- Exercise -
Look through the data below and extract, unchanged, the lines from the one that contains "obtains e where" to the one that contains "by (simp add: loc_rel_def)", both included.
====== Data extracts ======
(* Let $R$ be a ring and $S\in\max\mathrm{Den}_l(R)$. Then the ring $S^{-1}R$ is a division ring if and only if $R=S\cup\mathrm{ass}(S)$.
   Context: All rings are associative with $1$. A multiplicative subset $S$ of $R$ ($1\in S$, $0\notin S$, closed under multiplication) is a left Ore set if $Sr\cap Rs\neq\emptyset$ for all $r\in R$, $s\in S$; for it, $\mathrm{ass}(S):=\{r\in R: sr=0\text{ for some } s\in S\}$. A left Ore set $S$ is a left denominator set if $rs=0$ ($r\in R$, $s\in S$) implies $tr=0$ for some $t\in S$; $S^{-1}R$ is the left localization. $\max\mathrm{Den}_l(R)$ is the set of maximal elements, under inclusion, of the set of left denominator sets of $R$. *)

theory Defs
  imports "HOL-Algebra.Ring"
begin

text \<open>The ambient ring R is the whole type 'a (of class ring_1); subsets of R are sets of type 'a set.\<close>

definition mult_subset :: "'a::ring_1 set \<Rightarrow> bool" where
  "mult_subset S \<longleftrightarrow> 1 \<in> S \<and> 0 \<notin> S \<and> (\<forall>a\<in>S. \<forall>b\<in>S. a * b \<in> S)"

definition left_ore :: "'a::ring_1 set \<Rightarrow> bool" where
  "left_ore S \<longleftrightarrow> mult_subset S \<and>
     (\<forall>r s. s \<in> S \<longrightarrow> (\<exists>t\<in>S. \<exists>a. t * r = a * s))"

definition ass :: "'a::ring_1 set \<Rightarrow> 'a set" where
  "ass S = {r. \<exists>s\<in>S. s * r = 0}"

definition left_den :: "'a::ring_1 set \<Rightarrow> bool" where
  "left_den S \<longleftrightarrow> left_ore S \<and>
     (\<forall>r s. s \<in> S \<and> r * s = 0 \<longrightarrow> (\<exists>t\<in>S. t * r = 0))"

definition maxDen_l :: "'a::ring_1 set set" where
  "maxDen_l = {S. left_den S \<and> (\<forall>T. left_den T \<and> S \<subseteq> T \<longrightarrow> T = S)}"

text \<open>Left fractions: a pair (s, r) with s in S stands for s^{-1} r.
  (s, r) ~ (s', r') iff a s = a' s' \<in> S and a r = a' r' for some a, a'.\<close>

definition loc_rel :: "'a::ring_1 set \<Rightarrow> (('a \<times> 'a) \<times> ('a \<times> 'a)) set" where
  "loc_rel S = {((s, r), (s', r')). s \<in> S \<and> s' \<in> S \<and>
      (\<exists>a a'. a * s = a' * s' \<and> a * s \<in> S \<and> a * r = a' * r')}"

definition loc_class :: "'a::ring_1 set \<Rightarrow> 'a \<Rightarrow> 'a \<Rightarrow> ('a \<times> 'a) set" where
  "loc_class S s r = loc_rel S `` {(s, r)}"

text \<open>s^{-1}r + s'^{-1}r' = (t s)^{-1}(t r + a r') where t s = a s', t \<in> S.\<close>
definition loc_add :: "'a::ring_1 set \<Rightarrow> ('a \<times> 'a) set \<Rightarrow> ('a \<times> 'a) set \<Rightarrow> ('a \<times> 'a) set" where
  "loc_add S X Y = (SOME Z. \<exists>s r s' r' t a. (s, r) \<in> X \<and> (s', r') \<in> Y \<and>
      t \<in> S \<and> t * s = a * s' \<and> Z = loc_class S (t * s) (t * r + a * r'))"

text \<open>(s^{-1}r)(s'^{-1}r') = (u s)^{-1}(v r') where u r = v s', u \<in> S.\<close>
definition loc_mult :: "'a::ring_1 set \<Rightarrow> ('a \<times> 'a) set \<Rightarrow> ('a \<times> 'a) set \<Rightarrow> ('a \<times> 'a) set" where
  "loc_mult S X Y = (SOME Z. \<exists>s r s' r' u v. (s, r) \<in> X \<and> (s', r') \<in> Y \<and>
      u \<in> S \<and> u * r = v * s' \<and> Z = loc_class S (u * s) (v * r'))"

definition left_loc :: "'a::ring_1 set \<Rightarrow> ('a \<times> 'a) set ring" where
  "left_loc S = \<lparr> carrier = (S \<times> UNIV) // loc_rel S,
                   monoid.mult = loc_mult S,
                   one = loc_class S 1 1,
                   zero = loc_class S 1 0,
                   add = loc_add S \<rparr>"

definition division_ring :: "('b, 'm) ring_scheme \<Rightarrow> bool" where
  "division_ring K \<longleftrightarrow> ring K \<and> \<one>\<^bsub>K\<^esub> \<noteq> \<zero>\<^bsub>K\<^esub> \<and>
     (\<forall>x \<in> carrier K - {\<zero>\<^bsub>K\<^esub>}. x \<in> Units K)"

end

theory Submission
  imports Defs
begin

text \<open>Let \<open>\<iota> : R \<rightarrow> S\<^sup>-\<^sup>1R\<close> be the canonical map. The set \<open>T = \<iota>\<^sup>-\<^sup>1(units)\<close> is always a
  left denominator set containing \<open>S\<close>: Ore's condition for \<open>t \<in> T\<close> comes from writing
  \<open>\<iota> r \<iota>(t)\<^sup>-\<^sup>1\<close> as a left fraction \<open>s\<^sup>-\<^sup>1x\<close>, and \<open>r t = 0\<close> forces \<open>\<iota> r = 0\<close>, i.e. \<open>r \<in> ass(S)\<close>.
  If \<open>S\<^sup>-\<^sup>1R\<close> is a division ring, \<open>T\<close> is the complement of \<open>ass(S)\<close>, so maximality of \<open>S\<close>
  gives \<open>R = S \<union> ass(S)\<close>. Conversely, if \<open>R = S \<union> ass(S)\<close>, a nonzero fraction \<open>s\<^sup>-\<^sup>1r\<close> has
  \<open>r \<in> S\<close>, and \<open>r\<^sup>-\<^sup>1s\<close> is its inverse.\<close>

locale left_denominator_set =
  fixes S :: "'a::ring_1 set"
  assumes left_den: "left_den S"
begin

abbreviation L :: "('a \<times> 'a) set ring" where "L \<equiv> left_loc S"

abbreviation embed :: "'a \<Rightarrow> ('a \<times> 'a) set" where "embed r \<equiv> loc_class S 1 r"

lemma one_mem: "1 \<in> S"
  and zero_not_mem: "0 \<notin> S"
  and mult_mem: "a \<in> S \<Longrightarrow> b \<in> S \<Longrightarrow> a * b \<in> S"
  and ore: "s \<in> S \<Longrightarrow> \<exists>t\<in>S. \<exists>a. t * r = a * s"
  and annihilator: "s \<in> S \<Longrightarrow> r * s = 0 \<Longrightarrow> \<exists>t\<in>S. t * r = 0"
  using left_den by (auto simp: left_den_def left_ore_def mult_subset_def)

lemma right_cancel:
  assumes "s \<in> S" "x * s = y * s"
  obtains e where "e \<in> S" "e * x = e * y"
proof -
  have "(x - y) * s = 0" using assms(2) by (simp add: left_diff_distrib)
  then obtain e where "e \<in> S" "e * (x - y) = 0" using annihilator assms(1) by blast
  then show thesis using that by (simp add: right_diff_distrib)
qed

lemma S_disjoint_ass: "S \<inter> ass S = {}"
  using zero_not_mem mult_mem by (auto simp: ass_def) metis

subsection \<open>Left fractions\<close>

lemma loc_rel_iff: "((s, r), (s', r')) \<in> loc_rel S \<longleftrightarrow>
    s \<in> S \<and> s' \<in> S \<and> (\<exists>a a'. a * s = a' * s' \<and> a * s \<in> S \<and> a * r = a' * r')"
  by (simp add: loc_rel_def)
======
====== Data extracts ======
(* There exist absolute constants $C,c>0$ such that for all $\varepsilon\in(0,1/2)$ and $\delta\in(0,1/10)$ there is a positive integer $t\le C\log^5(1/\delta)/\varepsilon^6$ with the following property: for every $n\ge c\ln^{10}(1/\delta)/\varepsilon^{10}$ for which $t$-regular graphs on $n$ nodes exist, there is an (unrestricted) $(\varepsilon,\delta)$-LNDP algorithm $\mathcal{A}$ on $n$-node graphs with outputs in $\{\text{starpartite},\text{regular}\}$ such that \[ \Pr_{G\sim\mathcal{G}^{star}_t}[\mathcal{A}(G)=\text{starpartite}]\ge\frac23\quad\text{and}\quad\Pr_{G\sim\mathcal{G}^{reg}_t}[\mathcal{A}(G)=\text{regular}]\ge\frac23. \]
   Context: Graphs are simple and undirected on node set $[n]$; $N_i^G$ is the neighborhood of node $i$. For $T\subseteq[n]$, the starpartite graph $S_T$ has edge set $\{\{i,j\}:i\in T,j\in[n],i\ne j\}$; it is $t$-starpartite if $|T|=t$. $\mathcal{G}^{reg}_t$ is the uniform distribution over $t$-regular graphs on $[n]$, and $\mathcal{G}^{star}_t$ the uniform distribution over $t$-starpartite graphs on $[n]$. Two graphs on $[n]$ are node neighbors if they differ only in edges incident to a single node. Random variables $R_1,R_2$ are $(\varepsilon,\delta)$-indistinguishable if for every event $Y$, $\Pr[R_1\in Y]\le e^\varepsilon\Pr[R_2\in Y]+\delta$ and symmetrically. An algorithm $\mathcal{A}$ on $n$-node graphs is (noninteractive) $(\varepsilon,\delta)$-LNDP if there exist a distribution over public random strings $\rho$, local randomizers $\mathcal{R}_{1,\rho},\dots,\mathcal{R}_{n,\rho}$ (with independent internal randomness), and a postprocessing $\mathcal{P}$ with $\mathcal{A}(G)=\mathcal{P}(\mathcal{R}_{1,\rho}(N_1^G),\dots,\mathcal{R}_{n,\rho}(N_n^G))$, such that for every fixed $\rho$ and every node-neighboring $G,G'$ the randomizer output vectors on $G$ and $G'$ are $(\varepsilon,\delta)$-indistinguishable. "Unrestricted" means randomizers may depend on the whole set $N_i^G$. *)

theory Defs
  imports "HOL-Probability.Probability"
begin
======
- Output below -
  obtains e where "e \<in> S" "e * x = e * y"
proof -
  have "(x - y) * s = 0" using assms(2) by (simp add: left_diff_distrib)
  then obtain e where "e \<in> S" "e * (x - y) = 0" using annihilator assms(1) by blast
  then show thesis using that by (simp add: right_diff_distrib)
qed

lemma S_disjoint_ass: "S \<inter> ass S = {}"
  using zero_not_mem mult_mem by (auto simp: ass_def) metis

subsection \<open>Left fractions\<close>

lemma loc_rel_iff: "((s, r), (s', r')) \<in> loc_rel S \<longleftrightarrow>
    s \<in> S \<and> s' \<in> S \<and> (\<exists>a a'. a * s = a' * s' \<and> a * s \<in> S \<and> a * r = a' * r')"
  by (simp add: loc_rel_def)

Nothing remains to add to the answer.